### EXERCISE
Return the tail of the records exactly, starting from the line containing "- \<alpha>') < r2." and ending with the final line.

### SOURCE DATA
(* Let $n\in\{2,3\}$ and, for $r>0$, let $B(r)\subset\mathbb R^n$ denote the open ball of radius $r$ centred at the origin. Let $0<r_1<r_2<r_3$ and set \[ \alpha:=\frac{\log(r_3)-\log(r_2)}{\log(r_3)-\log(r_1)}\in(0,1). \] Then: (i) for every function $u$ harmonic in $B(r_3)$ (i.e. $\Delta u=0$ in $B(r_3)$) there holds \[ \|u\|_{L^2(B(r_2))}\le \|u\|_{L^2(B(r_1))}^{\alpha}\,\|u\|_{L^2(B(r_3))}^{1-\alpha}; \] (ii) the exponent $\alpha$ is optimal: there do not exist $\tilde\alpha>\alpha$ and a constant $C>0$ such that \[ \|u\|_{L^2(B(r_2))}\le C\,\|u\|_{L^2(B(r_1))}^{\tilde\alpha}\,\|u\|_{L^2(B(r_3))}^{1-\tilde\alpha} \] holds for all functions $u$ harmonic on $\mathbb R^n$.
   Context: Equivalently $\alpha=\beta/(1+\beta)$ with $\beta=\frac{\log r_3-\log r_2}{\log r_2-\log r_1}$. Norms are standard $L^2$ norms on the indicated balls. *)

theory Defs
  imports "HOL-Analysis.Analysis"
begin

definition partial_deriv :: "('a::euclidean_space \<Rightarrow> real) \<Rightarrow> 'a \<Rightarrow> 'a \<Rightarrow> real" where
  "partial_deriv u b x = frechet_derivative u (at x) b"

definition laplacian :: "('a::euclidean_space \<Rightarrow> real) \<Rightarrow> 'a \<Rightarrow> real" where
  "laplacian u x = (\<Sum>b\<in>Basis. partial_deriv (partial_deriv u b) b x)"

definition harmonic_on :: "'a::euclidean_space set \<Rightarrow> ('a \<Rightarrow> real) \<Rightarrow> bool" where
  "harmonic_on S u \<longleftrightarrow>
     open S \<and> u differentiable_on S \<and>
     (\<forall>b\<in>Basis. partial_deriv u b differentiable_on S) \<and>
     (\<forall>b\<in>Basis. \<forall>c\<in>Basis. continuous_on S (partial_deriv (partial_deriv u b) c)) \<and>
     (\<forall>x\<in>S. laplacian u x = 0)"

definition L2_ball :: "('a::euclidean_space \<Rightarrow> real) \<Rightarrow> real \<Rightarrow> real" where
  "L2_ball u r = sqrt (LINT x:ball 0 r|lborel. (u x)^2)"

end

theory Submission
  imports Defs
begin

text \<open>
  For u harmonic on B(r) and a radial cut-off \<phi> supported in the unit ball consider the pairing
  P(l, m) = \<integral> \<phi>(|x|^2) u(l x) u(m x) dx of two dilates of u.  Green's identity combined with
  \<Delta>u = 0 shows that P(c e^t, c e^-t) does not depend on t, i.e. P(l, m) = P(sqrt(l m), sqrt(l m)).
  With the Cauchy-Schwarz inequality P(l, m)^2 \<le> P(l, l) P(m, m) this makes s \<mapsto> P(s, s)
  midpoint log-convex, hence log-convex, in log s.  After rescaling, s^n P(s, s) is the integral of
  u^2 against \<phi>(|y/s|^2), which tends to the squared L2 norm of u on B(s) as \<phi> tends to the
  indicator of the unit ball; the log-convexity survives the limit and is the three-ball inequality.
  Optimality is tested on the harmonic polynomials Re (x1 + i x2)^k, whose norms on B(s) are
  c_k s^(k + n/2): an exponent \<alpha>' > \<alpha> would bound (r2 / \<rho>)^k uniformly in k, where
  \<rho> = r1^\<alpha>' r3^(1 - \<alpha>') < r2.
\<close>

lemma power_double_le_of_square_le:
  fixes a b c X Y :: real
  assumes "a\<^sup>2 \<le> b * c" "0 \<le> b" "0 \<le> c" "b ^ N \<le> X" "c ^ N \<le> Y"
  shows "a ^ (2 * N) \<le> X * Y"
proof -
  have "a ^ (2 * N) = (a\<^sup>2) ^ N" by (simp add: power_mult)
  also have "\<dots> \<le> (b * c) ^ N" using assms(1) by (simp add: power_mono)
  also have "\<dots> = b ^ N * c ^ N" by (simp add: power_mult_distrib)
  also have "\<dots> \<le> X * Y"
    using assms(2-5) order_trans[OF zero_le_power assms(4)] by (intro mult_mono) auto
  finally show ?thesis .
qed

### SOLUTION
  \<rho> = r1^\<alpha>' r3^(1 - \<alpha>') < r2.
\<close>

lemma power_double_le_of_square_le:
  fixes a b c X Y :: real
  assumes "a\<^sup>2 \<le> b * c" "0 \<le> b" "0 \<le> c" "b ^ N \<le> X" "c ^ N \<le> Y"
  shows "a ^ (2 * N) \<le> X * Y"
proof -
  have "a ^ (2 * N) = (a\<^sup>2) ^ N" by (simp add: power_mult)
  also have "\<dots> \<le> (b * c) ^ N" using assms(1) by (simp add: power_mono)
  also have "\<dots> = b ^ N * c ^ N" by (simp add: power_mult_distrib)
  also have "\<dots> \<le> X * Y"
    using assms(2-5) order_trans[OF zero_le_power assms(4)] by (intro mult_mono) auto
  finally show ?thesis .
qed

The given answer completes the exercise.